Her ne kadar dönemin Adalet Bakanı , Adalet Bakanlığının 28.01.2013 tarihli yazısıyla evrakın gereğinin takdir ve ifası için İstanbul Cumhuriyet Başsavcılığına gönderildiğini ifade etmiş ise de; bu evrakın akıbetinin bilinmediğini, evrak akıbetinin Tarafımızdan takip ve tahkik edildiğini yeri gelmişken ifade ediyoruz.
Öte yandan ve daha da önemlisi ise; yukarıda sözü edilen Şüpheliler yönünden "suç mahalline göre"; adli soruşturma yönünden yetkili Savcılığın Ankara Cumhuriyet Başsavcılığı olduğu bilinmesine rağmen; dönemin Başbakanı ve Bakanı, en hafif deyimiyle Türk Ceza Kanununun 257 ve 279. maddelerini ihlal etmek pahasına , evrakın yasal gereğini yapmamışlardır.
Başta İstanbul Büyükşehir Belediye Başkanı olmak üzere, diğer Kurumlar hakkında da ayrıca suç duyurusunda bulunulacağını yeri gelmişken ifade ediyoruz.

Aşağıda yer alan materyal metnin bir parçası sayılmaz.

(* Let $G$ be a connected planar trivalent graph. Then $T_G(1)$ equals the number of Tait colorings of $G$, where $$T_G(z)=\sum_{M}\langle G:M\rangle_2(z),$$ the sum being over all perfect matchings $M$ of $G$.
   Context: Graphs are finite and may have multiple edges; trivalent means every vertex has degree $3$. A Tait coloring of $G$ is an assignment of one of three fixed colors to each edge so that the three edges at every vertex receive three distinct colors. The $2$-factor polynomial $\langle G:M\rangle_2(z)\in\mathbb{Z}[z,z^{-1}]$ of $G$ with perfect matching $M$ is defined as follows. Embed $G$ in the $2$-sphere. For a matching edge $e=uv$, let $\alpha,\beta$ be the other two edge-ends at $u$ and $\gamma,\delta$ the other two at $v$, labelled so that in a small disk around $e$ they appear in cyclic order $\alpha,\beta,\delta,\gamma$. The $0$-resolution at $e$ deletes $e,u,v$ and joins $\alpha$ to $\gamma$ and $\beta$ to $\delta$ by disjoint arcs; the $1$-resolution joins $\alpha$ to $\delta$ and $\beta$ to $\gamma$ by two arcs crossing once. For a state $s:M\to\{0,1\}$, resolving every matching edge accordingly yields $c(s)$ immersed closed curves, and $\langle G:M\rangle_2(z)=\sum_s(-z)^{|s|}(z+z^{-1})^{c(s)}$, where $|s|$ is the number of edges assigned $1$. This is independent of the chosen embedding. *)

theory Defs
  imports Complex_Main
begin

text \<open>A trivalent multigraph together with an embedding in an orientable surface is
encoded as a combinatorial map: a finite set of darts (edge-ends) D, a fixed-point-free
involution alpha sending a dart to the other end of its edge, and a permutation sigma
whose orbits are the vertices and which gives the cyclic (counterclockwise) order of
edge-ends around each vertex.\<close>

definition trivalent_map :: "'d set \<Rightarrow> ('d \<Rightarrow> 'd) \<Rightarrow> ('d \<Rightarrow> 'd) \<Rightarrow> bool" where
  "trivalent_map D alpha sigma \<longleftrightarrow> finite D \<and> bij_betw alpha D D \<and> bij_betw sigma D D \<and>
     (\<forall>x\<in>D. alpha (alpha x) = x \<and> alpha x \<noteq> x \<and>
             sigma x \<noteq> x \<and> sigma (sigma x) \<noteq> x \<and> sigma (sigma (sigma x)) = x)"

definition map_orbits :: "('d \<Rightarrow> 'd) \<Rightarrow> 'd set \<Rightarrow> 'd set set" where
  "map_orbits f D = D // {(x, y). x \<in> D \<and> (\<exists>n. (f ^^ n) x = y)}"

definition connected_map :: "'d set \<Rightarrow> ('d \<Rightarrow> 'd) \<Rightarrow> ('d \<Rightarrow> 'd) \<Rightarrow> bool" where
  "connected_map D alpha sigma \<longleftrightarrow>
     (\<forall>x\<in>D. \<forall>y\<in>D. (x, y) \<in> ({(a, alpha a) | a. a \<in> D} \<union> {(a, sigma a) | a. a \<in> D})\<^sup>*)"

text \<open>Genus 0 (embedding in the sphere) for a connected map: Euler's formula V - E + F = 2,
faces being the orbits of sigma o alpha.\<close>
definition planar_map :: "'d set \<Rightarrow> ('d \<Rightarrow> 'd) \<Rightarrow> ('d \<Rightarrow> 'd) \<Rightarrow> bool" where
  "planar_map D alpha sigma \<longleftrightarrow>
     int (card (map_orbits sigma D)) - int (card D div 2) + int (card (map_orbits (sigma \<circ> alpha) D)) = 2"

definition perfect_matching :: "'d set \<Rightarrow> ('d \<Rightarrow> 'd) \<Rightarrow> ('d \<Rightarrow> 'd) \<Rightarrow> 'd set \<Rightarrow> bool" where
  "perfect_matching D alpha sigma M \<longleftrightarrow> M \<subseteq> D \<and> (\<forall>x\<in>M. alpha x \<in> M) \<and>
     (\<forall>x\<in>D. card ({x, sigma x, sigma (sigma x)} \<inter> M) = 1)"

text \<open>Partner of a non-matching dart x under the resolution of the matching edge at its
vertex; S is the set of darts of matching edges in state 1.  For a matching dart d at u
with alpha d at v, the ends alpha = sigma d, beta = sigma^2 d, delta = sigma (alpha d),
gamma = sigma^2 (alpha d) appear in cyclic order alpha, beta, delta, gamma around the edge.
The 0-resolution joins alpha-gamma, beta-delta; the 1-resolution joins alpha-delta, beta-gamma.\<close>
definition res_partner :: "('d \<Rightarrow> 'd) \<Rightarrow> ('d \<Rightarrow> 'd) \<Rightarrow> 'd set \<Rightarrow> 'd set \<Rightarrow> 'd \<Rightarrow> 'd" where
  "res_partner alpha sigma M S x =
     (if sigma (sigma x) \<in> M then
        (let d = sigma (sigma x) in
           if d \<in> S then sigma (alpha d) else sigma (sigma (alpha d)))
      else
        (let d = sigma x in
           if d \<in> S then sigma (sigma (alpha d)) else sigma (alpha d)))"

text \<open>Number of closed curves of the state: components of the graph on non-matching darts
whose links are the remaining edges and the resolution arcs.\<close>
definition num_curves :: "'d set \<Rightarrow> ('d \<Rightarrow> 'd) \<Rightarrow> ('d \<Rightarrow> 'd) \<Rightarrow> 'd set \<Rightarrow> 'd set \<Rightarrow> nat" where
  "num_curves D alpha sigma M S =
     card ((D - M) // (({(x, alpha x) | x. x \<in> D - M} \<union>
                         {(x, res_partner alpha sigma M S x) | x. x \<in> D - M})\<^sup>*))"

text \<open>The 2-factor polynomial, as a function of z (evaluation of the Laurent polynomial).
States s are represented by the set S of darts of matching edges assigned 1,
so |s| = card S div 2.\<close>
definition two_factor_poly :: "'d set \<Rightarrow> ('d \<Rightarrow> 'd) \<Rightarrow> ('d \<Rightarrow> 'd) \<Rightarrow> 'd set \<Rightarrow> real \<Rightarrow> real" where
  "two_factor_poly D alpha sigma M z =
     (\<Sum>S\<in>{S. S \<subseteq> M \<and> (\<forall>x\<in>S. alpha x \<in> S)}.
        (- z) ^ (card S div 2) * (z + inverse z) ^ num_curves D alpha sigma M S)"

definition T_poly :: "'d set \<Rightarrow> ('d \<Rightarrow> 'd) \<Rightarrow> ('d \<Rightarrow> 'd) \<Rightarrow> real \<Rightarrow> real" where
  "T_poly D alpha sigma z =
     (\<Sum>M\<in>{M. perfect_matching D alpha sigma M}. two_factor_poly D alpha sigma M z)"

definition tait_colorings :: "'d set \<Rightarrow> ('d \<Rightarrow> 'd) \<Rightarrow> ('d \<Rightarrow> 'd) \<Rightarrow> ('d \<Rightarrow> nat) set" where
  "tait_colorings D alpha sigma =
     {c. (\<forall>x\<in>D. c x < 3 \<and> c (alpha x) = c x \<and> c (sigma x) \<noteq> c x) \<and> (\<forall>x. x \<notin> D \<longrightarrow> c x = 0)}"

end

theory Submission
  imports Defs "HOL-Library.Disjoint_Sets"
begin

text \<open>At z = 1 the factor (z + 1/z)^c(s) = 2^c(s) counts the ways of colouring the curves
  of the state s with the colours 1 and 2, i.e. the sets L of non-matching edges that are
  unions of curves. Exchanging the two sums, each such L receives the signed sum over the
  states it is compatible with. If M and L do not form a Tait coloring, some matching edge has
  its four neighbouring edge-ends in one colour class, and toggling the state of that edge is
  a sign-reversing involution; otherwise exactly one state is compatible. Hence T_G(1) counts
  Tait colorings with signs, and it remains to show that the number of matching edges in
  state 1 is even. For planar G the even subgraph formed by the colours 0 and 1 bounds a set
  of faces (Euler's formula), and counting modulo 2 around these faces gives the parity.\<close>

lemma card_closed_subsets:
  assumes eq: "equiv A R" and fin: "finite A"
  shows "card {W. W \<subseteq> A \<and> R `` W \<subseteq> W} = 2 ^ card (A // R)"
proof -
  have "bij_betw Union (Pow (A // R)) {W. W \<subseteq> A \<and> R `` W \<subseteq> W}"
  proof (rule bij_betw_imageI)
    have sub: "Q1 \<subseteq> Q2" if Q: "Q1 \<subseteq> A // R" "Q2 \<subseteq> A // R" "\<Union>Q1 = \<Union>Q2" for Q1 Q2
    proof
      fix c assume c: "c \<in> Q1"
      then have cA: "c \<in> A // R" using Q by blast
      then obtain x where "x \<in> c" using in_quotient_imp_non_empty[OF eq] by blast
      then obtain c' where "c' \<in> Q2" "x \<in> c'" using Q c by blast
      then show "c \<in> Q2" using quotient_disj[OF eq cA, of c'] Q \<open>x \<in> c\<close> by blast
    qed
    show "inj_on Union (Pow (A // R))"
    proof (rule inj_onI)
      fix Q1 Q2 assume "Q1 \<in> Pow (A // R)" "Q2 \<in> Pow (A // R)" "\<Union>Q1 = \<Union>Q2"
      then show "Q1 = Q2" using sub[of Q1 Q2] sub[of Q2 Q1] by auto
    qed
    show "Union ` Pow (A // R) = {W. W \<subseteq> A \<and> R `` W \<subseteq> W}"
    proof (intro set_eqI iffI)
      fix W assume "W \<in> Union ` Pow (A // R)"
      then show "W \<in> {W. W \<subseteq> A \<and> R `` W \<subseteq> W}"
        using in_quotient_imp_subset[OF eq] in_quotient_imp_closed[OF eq] by blast
    next
      fix W assume W: "W \<in> {W. W \<subseteq> A \<and> R `` W \<subseteq> W}"
      have "(\<lambda>x. R `` {x}) ` W \<subseteq> A // R" using W by (auto intro: quotientI)
      moreover have "\<Union> ((\<lambda>x. R `` {x}) ` W) = W"
        using W eq unfolding equiv_def refl_on_def by blast
      ultimately show "W \<in> Union ` Pow (A // R)" by blast
    qed
  qed
  then have "card {W. W \<subseteq> A \<and> R `` W \<subseteq> W} = card (Pow (A // R))"
    by (simp add: bij_betw_same_card)
  then show ?thesis
    using card_Pow finite_quotient[OF fin equiv_type[OF eq]] by simp
qed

Şüphelilerin suç mahallerinin farklı olduğu gözönüne alınarak; ilgili Cumhuriyet Savcılıklarına ayrı ayrı suç duyurusunun yapılması gereği vardır. Ayrıca; olayın vahamati, kapsam ve yoğunluğu gözönüne alınarak ve keza birçok Kamu Kurumunun olaya iştirak ettiği gözönüne alındığında; öncelikle , Başbakanlık Teftiş Kurulu vasıtasıyla olayın "idari soruşturmaya" konu yapılması gerekirken, bu yönde de hiçbir çalışmanın yapılmadığı bilinmektedir. Salt bu olay bile ; Şüpheli konumunda olan Başbakan ve Adalet Bakanının, böylesine ciddi bir olayın tahkik edilmesini istemediklerini ve bunu engellediklerini göstermeye yeterlidir.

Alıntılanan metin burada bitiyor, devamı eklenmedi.